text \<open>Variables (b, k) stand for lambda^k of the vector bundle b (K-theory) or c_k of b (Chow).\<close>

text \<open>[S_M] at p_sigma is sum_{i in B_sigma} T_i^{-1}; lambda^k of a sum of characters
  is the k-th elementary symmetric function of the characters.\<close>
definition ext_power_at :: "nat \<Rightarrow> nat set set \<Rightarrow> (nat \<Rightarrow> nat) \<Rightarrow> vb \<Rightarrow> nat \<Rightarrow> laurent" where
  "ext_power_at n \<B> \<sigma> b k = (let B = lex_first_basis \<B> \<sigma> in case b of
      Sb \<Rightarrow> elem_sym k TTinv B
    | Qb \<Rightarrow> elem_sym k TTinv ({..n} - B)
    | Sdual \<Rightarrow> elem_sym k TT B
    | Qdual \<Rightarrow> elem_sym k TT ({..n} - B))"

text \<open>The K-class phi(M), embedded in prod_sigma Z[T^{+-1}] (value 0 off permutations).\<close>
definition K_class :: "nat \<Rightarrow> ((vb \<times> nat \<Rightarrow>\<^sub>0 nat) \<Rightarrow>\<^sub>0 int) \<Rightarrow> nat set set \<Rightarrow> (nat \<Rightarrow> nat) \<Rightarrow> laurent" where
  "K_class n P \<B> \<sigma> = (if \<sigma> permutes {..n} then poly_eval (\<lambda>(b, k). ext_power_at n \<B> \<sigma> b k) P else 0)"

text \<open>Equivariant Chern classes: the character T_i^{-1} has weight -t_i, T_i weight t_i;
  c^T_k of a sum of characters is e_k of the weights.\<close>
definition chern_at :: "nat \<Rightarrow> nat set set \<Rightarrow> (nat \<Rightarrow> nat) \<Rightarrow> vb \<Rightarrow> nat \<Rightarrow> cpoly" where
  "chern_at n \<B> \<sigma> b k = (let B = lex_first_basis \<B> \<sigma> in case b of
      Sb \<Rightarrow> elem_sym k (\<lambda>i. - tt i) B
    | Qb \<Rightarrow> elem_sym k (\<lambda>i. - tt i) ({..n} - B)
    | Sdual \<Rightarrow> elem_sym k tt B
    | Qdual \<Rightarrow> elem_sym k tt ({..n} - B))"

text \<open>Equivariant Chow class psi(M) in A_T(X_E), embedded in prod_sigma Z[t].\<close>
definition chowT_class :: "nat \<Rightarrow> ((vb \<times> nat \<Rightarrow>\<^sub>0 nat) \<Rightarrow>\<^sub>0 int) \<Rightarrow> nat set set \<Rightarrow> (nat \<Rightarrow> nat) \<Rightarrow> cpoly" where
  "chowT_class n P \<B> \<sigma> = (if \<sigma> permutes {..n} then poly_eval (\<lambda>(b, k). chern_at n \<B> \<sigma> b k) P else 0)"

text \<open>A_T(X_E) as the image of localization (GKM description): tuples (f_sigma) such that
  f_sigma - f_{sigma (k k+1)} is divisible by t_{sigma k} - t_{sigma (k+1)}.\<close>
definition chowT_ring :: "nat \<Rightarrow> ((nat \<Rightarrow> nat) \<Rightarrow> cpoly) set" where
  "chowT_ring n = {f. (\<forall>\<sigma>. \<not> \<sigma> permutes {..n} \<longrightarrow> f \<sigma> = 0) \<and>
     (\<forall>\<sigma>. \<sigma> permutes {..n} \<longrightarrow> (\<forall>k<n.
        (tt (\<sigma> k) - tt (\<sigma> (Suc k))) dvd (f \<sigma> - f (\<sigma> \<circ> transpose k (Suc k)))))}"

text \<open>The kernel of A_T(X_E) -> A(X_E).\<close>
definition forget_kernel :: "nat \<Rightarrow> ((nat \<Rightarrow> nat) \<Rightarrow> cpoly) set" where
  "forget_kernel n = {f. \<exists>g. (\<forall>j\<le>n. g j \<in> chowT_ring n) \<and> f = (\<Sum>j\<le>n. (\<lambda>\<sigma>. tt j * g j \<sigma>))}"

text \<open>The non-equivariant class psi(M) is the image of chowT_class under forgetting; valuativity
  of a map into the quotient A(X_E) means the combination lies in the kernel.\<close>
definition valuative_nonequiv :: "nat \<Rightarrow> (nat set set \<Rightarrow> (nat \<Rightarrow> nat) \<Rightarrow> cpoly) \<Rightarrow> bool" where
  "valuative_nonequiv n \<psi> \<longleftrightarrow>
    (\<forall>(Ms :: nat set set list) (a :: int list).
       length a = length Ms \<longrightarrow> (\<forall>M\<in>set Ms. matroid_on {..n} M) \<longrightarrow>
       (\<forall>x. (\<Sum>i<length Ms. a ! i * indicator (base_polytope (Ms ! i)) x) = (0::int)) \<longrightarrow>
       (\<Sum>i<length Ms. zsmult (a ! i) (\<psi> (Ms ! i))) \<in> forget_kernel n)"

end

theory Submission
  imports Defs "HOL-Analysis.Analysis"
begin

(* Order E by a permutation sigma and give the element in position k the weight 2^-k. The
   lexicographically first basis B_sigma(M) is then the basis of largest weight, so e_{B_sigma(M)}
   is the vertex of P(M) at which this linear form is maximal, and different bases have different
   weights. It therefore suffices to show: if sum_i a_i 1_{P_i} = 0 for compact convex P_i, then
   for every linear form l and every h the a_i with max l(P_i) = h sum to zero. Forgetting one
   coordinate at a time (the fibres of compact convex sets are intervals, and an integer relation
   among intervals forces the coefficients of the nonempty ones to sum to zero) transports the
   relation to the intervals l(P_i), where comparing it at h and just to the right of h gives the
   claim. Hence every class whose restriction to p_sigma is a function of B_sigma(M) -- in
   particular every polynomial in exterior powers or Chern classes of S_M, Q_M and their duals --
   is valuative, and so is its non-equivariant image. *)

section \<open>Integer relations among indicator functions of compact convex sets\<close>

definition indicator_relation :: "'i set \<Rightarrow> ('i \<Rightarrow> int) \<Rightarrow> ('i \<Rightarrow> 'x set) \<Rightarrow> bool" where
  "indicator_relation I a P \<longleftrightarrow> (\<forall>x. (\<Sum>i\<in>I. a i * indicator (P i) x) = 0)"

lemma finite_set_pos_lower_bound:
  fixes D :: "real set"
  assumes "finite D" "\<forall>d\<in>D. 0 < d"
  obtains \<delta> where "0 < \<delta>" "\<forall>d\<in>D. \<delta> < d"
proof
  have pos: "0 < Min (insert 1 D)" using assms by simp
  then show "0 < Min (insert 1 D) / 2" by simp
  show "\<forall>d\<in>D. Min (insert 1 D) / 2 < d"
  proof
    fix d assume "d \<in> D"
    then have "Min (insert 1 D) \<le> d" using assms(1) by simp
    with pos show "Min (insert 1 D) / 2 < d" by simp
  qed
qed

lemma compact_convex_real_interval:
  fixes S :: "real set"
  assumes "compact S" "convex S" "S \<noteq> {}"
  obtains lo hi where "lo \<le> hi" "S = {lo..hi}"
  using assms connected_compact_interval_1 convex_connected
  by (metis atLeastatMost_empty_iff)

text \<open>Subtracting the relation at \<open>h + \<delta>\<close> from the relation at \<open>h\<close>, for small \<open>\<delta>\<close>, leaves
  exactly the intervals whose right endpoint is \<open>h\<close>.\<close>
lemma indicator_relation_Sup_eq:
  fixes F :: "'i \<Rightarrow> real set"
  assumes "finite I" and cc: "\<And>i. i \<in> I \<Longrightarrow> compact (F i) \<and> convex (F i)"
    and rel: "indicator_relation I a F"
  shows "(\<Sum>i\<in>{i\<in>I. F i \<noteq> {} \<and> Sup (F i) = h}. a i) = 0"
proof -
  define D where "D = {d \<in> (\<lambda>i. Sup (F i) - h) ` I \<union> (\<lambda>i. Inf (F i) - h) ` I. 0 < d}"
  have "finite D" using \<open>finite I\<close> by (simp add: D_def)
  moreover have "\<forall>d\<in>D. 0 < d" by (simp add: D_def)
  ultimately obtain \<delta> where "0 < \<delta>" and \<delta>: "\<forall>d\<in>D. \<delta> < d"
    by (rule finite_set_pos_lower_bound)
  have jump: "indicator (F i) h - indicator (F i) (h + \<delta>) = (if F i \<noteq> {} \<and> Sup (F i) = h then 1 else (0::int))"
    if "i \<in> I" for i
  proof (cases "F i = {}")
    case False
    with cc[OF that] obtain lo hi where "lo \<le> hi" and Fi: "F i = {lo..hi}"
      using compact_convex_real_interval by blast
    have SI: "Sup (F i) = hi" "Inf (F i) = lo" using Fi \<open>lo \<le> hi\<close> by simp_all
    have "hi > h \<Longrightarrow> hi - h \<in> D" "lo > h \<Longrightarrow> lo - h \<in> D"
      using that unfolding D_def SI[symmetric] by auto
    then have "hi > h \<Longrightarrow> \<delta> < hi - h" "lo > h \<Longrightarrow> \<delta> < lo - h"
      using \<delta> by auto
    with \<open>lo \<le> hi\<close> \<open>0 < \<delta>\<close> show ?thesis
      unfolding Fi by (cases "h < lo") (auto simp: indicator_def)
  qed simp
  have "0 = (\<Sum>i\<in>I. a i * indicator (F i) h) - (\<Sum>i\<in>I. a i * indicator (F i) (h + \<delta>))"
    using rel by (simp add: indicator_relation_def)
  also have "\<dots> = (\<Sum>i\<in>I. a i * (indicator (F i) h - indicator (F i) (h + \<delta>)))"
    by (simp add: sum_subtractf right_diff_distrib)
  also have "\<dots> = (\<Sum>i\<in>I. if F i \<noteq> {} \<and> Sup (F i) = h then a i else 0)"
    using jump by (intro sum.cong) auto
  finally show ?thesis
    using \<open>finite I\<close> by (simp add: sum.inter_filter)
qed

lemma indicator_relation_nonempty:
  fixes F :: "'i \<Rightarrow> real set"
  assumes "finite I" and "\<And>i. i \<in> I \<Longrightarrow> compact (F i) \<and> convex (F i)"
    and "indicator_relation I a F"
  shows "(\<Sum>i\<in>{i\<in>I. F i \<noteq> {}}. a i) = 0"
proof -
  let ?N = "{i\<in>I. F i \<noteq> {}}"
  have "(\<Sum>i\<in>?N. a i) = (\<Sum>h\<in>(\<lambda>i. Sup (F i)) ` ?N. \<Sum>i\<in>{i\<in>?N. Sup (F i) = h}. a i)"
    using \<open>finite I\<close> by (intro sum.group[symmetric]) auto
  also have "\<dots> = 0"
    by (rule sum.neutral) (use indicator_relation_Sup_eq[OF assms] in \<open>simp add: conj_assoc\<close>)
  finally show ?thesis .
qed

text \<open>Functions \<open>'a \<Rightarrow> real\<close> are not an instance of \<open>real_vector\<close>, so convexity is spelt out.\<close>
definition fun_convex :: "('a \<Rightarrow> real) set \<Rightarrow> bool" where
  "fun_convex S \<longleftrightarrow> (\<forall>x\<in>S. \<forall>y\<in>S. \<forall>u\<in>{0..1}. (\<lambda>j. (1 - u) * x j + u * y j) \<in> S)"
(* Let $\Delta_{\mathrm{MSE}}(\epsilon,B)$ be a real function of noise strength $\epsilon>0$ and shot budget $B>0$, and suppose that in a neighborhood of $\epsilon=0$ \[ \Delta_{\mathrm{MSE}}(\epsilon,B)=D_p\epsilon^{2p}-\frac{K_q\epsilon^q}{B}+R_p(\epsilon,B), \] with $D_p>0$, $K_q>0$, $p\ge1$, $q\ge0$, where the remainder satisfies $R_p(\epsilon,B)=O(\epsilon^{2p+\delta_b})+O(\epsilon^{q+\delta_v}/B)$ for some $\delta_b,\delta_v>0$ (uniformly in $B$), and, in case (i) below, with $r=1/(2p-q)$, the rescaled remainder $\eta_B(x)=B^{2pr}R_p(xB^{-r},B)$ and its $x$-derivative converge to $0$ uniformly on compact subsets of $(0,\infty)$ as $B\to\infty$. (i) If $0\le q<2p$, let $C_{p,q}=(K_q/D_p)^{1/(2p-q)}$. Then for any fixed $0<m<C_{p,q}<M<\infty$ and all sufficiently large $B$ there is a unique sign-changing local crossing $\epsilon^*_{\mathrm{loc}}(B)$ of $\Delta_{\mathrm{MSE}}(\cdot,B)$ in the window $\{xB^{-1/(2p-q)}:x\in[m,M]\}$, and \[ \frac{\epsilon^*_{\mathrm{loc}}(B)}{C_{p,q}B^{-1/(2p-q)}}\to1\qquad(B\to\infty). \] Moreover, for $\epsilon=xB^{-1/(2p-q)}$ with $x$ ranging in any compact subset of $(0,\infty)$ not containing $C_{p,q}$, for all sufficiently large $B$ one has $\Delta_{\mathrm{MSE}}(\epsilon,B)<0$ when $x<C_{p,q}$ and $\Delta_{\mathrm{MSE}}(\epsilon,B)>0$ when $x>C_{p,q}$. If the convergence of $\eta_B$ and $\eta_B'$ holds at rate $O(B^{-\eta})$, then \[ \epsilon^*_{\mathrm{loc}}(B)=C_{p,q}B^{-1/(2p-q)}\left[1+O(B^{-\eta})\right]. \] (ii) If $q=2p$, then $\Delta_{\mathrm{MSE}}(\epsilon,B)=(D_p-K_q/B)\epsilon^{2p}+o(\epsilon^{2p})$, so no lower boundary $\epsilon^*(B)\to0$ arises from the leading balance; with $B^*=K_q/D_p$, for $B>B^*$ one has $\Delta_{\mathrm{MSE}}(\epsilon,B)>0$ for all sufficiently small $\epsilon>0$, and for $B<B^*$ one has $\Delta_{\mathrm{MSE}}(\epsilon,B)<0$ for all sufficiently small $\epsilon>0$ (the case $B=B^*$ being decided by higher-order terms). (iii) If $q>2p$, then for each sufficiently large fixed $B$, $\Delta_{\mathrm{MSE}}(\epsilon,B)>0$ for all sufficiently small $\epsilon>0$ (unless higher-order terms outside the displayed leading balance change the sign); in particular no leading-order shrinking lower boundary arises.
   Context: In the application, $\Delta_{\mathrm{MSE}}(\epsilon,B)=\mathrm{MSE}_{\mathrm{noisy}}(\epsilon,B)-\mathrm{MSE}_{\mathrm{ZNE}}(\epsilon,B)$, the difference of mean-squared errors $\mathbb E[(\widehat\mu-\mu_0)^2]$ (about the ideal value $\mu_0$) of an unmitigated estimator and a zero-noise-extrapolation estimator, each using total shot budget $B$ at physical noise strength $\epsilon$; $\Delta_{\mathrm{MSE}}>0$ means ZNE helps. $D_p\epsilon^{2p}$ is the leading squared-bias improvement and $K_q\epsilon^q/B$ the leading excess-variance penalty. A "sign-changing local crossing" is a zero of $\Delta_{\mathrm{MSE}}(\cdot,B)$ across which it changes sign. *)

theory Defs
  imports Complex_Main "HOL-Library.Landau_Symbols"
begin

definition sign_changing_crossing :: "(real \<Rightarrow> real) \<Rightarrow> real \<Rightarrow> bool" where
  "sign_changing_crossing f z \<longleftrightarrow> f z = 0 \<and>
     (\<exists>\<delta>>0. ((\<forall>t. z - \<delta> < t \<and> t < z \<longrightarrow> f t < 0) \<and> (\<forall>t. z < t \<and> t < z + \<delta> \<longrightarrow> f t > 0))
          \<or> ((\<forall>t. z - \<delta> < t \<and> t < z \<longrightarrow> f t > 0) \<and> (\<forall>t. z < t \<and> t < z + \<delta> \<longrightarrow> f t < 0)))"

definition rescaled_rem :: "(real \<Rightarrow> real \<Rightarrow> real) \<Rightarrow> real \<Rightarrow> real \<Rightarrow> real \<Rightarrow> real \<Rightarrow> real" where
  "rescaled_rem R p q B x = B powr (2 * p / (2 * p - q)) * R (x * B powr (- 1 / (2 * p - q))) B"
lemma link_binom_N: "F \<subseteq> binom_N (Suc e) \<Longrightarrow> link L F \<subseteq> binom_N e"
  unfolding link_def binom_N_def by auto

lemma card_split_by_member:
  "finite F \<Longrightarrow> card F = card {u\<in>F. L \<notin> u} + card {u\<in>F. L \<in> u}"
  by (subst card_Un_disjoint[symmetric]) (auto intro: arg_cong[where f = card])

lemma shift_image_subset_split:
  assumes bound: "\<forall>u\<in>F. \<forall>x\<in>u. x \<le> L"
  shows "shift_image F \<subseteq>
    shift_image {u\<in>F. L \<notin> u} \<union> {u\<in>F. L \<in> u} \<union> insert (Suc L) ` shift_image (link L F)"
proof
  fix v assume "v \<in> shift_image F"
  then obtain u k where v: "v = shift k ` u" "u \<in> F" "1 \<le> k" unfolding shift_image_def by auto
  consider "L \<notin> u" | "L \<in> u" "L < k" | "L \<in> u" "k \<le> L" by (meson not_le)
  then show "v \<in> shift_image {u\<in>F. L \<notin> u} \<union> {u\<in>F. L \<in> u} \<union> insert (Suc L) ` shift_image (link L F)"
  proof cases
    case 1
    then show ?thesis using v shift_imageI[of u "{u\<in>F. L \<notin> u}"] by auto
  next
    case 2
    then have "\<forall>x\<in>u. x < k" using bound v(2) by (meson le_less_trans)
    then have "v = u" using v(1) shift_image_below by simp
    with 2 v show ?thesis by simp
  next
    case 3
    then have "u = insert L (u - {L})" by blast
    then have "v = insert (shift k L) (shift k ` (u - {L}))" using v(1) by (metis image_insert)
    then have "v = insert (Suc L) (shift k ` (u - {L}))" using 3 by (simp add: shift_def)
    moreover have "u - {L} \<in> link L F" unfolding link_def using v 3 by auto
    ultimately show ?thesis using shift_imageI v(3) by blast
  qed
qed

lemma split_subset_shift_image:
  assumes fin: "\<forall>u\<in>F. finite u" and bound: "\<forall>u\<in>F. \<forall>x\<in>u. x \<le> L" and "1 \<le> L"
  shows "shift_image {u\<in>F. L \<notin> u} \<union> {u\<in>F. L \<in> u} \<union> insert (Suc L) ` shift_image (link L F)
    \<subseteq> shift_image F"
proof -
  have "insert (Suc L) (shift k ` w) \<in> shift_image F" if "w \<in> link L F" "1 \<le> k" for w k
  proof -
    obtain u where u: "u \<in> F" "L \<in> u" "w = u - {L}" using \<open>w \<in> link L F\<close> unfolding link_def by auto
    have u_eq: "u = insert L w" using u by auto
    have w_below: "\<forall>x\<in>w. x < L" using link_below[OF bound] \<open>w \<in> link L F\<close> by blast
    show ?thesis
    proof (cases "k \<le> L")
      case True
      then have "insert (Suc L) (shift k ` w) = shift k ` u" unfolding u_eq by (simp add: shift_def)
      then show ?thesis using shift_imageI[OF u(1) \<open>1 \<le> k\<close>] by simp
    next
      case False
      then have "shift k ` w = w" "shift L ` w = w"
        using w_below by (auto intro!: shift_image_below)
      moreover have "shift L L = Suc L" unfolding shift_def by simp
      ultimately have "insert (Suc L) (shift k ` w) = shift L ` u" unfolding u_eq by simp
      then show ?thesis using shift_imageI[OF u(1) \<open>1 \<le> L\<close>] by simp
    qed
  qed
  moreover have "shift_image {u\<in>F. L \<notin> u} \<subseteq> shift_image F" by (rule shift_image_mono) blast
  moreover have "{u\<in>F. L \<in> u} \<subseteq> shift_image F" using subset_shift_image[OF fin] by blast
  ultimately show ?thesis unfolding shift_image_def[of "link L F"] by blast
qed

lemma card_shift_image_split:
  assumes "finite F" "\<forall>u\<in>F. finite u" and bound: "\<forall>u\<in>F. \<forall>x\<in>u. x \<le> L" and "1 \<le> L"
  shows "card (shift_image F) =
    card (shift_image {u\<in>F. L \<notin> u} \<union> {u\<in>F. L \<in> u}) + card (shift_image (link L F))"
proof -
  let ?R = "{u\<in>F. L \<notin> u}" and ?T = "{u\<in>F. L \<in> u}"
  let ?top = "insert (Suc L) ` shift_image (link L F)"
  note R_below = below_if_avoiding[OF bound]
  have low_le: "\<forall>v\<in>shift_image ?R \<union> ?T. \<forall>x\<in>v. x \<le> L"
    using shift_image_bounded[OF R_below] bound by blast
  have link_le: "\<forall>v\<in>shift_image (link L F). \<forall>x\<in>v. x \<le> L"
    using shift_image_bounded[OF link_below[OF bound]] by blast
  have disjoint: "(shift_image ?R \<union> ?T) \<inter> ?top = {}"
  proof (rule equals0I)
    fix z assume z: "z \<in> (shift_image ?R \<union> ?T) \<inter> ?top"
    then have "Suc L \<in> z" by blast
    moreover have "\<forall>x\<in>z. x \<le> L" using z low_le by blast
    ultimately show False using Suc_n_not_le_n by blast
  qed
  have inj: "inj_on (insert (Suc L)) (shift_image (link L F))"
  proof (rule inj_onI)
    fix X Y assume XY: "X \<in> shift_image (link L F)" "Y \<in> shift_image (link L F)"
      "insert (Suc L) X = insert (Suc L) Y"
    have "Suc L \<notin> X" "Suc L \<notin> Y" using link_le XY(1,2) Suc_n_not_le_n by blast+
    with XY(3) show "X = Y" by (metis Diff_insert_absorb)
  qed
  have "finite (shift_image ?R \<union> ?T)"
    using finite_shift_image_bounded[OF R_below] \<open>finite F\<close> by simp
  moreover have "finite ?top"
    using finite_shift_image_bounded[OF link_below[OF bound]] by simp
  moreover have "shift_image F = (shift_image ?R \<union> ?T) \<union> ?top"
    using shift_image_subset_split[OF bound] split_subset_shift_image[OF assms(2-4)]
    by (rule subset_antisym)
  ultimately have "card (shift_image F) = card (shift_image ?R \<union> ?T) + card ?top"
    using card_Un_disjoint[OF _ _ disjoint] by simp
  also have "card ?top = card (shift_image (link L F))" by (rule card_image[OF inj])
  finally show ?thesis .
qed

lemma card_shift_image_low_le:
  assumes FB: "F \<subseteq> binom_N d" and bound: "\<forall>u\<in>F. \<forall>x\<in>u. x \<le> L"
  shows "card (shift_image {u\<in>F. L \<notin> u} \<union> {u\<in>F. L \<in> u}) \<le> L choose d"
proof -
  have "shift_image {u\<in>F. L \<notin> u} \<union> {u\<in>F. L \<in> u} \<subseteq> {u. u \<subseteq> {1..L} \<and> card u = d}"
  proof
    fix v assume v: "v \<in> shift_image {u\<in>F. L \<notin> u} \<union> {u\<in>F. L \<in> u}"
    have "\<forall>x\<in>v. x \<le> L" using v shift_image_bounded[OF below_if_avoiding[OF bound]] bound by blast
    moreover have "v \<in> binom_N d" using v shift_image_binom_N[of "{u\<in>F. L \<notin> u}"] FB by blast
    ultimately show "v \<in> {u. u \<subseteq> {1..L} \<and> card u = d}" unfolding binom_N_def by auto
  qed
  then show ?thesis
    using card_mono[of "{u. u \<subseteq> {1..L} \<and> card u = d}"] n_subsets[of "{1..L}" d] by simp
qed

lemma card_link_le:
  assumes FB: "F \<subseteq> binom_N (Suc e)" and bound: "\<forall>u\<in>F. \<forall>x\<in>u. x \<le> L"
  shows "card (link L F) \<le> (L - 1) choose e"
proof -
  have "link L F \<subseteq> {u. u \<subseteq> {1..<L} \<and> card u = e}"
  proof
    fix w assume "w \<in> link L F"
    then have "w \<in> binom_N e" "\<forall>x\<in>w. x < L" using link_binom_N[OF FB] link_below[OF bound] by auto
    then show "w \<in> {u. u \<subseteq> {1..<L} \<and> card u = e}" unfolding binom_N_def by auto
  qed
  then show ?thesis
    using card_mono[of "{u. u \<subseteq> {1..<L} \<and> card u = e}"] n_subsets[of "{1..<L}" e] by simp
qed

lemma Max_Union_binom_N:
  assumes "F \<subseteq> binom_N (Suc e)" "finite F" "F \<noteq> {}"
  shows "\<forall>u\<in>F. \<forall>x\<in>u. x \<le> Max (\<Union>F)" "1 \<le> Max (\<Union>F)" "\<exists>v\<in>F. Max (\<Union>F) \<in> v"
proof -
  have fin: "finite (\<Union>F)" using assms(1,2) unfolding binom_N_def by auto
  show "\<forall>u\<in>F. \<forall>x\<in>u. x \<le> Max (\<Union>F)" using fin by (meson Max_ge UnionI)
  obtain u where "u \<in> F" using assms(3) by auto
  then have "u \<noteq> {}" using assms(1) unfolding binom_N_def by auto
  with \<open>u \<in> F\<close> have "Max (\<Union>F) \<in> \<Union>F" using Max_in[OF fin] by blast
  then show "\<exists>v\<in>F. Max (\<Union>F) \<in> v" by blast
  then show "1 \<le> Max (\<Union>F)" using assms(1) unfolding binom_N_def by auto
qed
=-=-=
*INSTRUCTIONS TO FOLLOW*
Quote every line from the beginning of the entries up to and including the line that contains "is the k-th".

*RESULT OF THE EXERCISE*
text \<open>Variables (b, k) stand for lambda^k of the vector bundle b (K-theory) or c_k of b (Chow).\<close>

text \<open>[S_M] at p_sigma is sum_{i in B_sigma} T_i^{-1}; lambda^k of a sum of characters
  is the k-th elementary symmetric function of the characters.\<close>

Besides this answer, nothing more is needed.